* Saved entries *
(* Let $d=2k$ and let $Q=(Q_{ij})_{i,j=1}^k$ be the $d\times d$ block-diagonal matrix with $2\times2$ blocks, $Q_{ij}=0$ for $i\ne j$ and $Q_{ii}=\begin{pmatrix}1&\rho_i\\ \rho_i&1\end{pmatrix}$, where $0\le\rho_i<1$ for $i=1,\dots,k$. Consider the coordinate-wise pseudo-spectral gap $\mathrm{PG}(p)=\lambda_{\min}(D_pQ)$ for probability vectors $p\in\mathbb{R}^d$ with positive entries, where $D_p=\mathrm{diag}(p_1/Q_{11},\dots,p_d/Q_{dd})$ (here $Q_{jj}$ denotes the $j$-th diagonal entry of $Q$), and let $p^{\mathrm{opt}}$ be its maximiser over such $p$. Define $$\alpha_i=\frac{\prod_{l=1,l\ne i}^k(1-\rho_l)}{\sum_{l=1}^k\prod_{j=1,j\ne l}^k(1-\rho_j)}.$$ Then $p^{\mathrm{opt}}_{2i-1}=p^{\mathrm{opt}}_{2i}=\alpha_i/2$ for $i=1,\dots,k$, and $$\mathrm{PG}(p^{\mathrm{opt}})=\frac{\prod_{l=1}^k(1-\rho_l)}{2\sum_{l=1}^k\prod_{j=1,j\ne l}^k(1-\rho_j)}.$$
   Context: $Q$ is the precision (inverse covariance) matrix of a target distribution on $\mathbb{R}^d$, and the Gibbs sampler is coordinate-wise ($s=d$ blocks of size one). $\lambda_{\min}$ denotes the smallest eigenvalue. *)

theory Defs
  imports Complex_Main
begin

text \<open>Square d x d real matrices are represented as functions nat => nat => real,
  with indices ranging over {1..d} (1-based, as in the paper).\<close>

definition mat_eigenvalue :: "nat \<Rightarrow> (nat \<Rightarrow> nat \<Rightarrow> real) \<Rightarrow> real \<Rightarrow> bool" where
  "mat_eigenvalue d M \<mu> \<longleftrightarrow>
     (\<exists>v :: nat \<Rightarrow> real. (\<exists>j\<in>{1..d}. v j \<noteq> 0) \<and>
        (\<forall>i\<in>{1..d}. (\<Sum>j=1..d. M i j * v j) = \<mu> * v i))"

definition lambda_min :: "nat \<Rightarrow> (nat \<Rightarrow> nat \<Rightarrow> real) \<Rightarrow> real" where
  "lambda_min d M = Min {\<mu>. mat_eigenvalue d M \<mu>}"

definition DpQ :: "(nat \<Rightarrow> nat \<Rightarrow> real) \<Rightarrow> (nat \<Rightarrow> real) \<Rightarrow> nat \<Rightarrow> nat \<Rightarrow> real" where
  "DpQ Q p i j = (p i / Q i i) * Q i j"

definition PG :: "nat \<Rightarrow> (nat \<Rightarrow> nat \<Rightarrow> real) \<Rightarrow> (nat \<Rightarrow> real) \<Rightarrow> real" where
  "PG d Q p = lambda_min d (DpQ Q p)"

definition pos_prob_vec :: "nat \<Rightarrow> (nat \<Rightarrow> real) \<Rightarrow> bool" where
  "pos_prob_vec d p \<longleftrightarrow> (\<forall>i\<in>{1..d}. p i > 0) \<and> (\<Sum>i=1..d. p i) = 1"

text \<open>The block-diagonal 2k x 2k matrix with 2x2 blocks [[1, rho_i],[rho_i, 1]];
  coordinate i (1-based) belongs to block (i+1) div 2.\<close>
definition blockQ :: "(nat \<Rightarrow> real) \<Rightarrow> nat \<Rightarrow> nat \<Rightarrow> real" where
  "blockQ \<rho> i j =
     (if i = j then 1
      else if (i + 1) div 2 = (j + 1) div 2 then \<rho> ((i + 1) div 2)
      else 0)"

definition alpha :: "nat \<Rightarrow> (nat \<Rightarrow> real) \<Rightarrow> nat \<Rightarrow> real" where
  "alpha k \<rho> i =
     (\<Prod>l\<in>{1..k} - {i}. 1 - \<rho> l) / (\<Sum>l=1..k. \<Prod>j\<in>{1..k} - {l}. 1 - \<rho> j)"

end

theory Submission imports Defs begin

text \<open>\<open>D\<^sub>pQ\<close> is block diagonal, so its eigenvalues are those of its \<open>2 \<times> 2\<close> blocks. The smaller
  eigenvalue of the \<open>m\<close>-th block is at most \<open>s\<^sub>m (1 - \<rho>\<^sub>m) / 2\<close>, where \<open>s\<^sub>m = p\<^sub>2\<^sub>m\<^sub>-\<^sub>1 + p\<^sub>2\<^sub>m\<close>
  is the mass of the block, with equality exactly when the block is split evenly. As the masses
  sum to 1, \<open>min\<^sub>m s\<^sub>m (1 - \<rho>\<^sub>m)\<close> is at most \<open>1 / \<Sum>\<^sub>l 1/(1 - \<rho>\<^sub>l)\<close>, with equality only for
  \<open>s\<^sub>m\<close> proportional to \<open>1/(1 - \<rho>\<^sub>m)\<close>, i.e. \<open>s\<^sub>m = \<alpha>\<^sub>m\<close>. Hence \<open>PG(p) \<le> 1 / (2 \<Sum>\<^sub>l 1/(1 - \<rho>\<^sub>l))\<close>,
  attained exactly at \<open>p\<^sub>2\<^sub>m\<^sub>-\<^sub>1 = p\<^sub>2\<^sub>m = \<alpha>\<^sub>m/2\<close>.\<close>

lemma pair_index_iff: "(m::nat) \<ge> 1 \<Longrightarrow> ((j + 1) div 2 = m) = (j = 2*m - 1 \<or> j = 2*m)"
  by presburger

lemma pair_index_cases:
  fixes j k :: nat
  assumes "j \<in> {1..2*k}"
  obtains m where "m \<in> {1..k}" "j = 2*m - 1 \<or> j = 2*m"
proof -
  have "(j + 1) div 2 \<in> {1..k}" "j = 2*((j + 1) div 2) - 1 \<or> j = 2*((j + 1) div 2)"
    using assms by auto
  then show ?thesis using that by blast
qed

* Exercise requirements *
Reproduce every line of the data without changing a word.

* Exercise solution *
(* Let $d=2k$ and let $Q=(Q_{ij})_{i,j=1}^k$ be the $d\times d$ block-diagonal matrix with $2\times2$ blocks, $Q_{ij}=0$ for $i\ne j$ and $Q_{ii}=\begin{pmatrix}1&\rho_i\\ \rho_i&1\end{pmatrix}$, where $0\le\rho_i<1$ for $i=1,\dots,k$. Consider the coordinate-wise pseudo-spectral gap $\mathrm{PG}(p)=\lambda_{\min}(D_pQ)$ for probability vectors $p\in\mathbb{R}^d$ with positive entries, where $D_p=\mathrm{diag}(p_1/Q_{11},\dots,p_d/Q_{dd})$ (here $Q_{jj}$ denotes the $j$-th diagonal entry of $Q$), and let $p^{\mathrm{opt}}$ be its maximiser over such $p$. Define $$\alpha_i=\frac{\prod_{l=1,l\ne i}^k(1-\rho_l)}{\sum_{l=1}^k\prod_{j=1,j\ne l}^k(1-\rho_j)}.$$ Then $p^{\mathrm{opt}}_{2i-1}=p^{\mathrm{opt}}_{2i}=\alpha_i/2$ for $i=1,\dots,k$, and $$\mathrm{PG}(p^{\mathrm{opt}})=\frac{\prod_{l=1}^k(1-\rho_l)}{2\sum_{l=1}^k\prod_{j=1,j\ne l}^k(1-\rho_j)}.$$
   Context: $Q$ is the precision (inverse covariance) matrix of a target distribution on $\mathbb{R}^d$, and the Gibbs sampler is coordinate-wise ($s=d$ blocks of size one). $\lambda_{\min}$ denotes the smallest eigenvalue. *)

theory Defs
  imports Complex_Main
begin

text \<open>Square d x d real matrices are represented as functions nat => nat => real,
  with indices ranging over {1..d} (1-based, as in the paper).\<close>

definition mat_eigenvalue :: "nat \<Rightarrow> (nat \<Rightarrow> nat \<Rightarrow> real) \<Rightarrow> real \<Rightarrow> bool" where
  "mat_eigenvalue d M \<mu> \<longleftrightarrow>
     (\<exists>v :: nat \<Rightarrow> real. (\<exists>j\<in>{1..d}. v j \<noteq> 0) \<and>
        (\<forall>i\<in>{1..d}. (\<Sum>j=1..d. M i j * v j) = \<mu> * v i))"

definition lambda_min :: "nat \<Rightarrow> (nat \<Rightarrow> nat \<Rightarrow> real) \<Rightarrow> real" where
  "lambda_min d M = Min {\<mu>. mat_eigenvalue d M \<mu>}"

definition DpQ :: "(nat \<Rightarrow> nat \<Rightarrow> real) \<Rightarrow> (nat \<Rightarrow> real) \<Rightarrow> nat \<Rightarrow> nat \<Rightarrow> real" where
  "DpQ Q p i j = (p i / Q i i) * Q i j"

definition PG :: "nat \<Rightarrow> (nat \<Rightarrow> nat \<Rightarrow> real) \<Rightarrow> (nat \<Rightarrow> real) \<Rightarrow> real" where
  "PG d Q p = lambda_min d (DpQ Q p)"

definition pos_prob_vec :: "nat \<Rightarrow> (nat \<Rightarrow> real) \<Rightarrow> bool" where
  "pos_prob_vec d p \<longleftrightarrow> (\<forall>i\<in>{1..d}. p i > 0) \<and> (\<Sum>i=1..d. p i) = 1"

text \<open>The block-diagonal 2k x 2k matrix with 2x2 blocks [[1, rho_i],[rho_i, 1]];
  coordinate i (1-based) belongs to block (i+1) div 2.\<close>
definition blockQ :: "(nat \<Rightarrow> real) \<Rightarrow> nat \<Rightarrow> nat \<Rightarrow> real" where
  "blockQ \<rho> i j =
     (if i = j then 1
      else if (i + 1) div 2 = (j + 1) div 2 then \<rho> ((i + 1) div 2)
      else 0)"

definition alpha :: "nat \<Rightarrow> (nat \<Rightarrow> real) \<Rightarrow> nat \<Rightarrow> real" where
  "alpha k \<rho> i =
     (\<Prod>l\<in>{1..k} - {i}. 1 - \<rho> l) / (\<Sum>l=1..k. \<Prod>j\<in>{1..k} - {l}. 1 - \<rho> j)"

end

theory Submission imports Defs begin

text \<open>\<open>D\<^sub>pQ\<close> is block diagonal, so its eigenvalues are those of its \<open>2 \<times> 2\<close> blocks. The smaller
  eigenvalue of the \<open>m\<close>-th block is at most \<open>s\<^sub>m (1 - \<rho>\<^sub>m) / 2\<close>, where \<open>s\<^sub>m = p\<^sub>2\<^sub>m\<^sub>-\<^sub>1 + p\<^sub>2\<^sub>m\<close>
  is the mass of the block, with equality exactly when the block is split evenly. As the masses
  sum to 1, \<open>min\<^sub>m s\<^sub>m (1 - \<rho>\<^sub>m)\<close> is at most \<open>1 / \<Sum>\<^sub>l 1/(1 - \<rho>\<^sub>l)\<close>, with equality only for
  \<open>s\<^sub>m\<close> proportional to \<open>1/(1 - \<rho>\<^sub>m)\<close>, i.e. \<open>s\<^sub>m = \<alpha>\<^sub>m\<close>. Hence \<open>PG(p) \<le> 1 / (2 \<Sum>\<^sub>l 1/(1 - \<rho>\<^sub>l))\<close>,
  attained exactly at \<open>p\<^sub>2\<^sub>m\<^sub>-\<^sub>1 = p\<^sub>2\<^sub>m = \<alpha>\<^sub>m/2\<close>.\<close>

lemma pair_index_iff: "(m::nat) \<ge> 1 \<Longrightarrow> ((j + 1) div 2 = m) = (j = 2*m - 1 \<or> j = 2*m)"
  by presburger

lemma pair_index_cases:
  fixes j k :: nat
  assumes "j \<in> {1..2*k}"
  obtains m where "m \<in> {1..k}" "j = 2*m - 1 \<or> j = 2*m"
proof -
  have "(j + 1) div 2 \<in> {1..k}" "j = 2*((j + 1) div 2) - 1 \<or> j = 2*((j + 1) div 2)"
    using assms by auto
  then show ?thesis using that by blast
qed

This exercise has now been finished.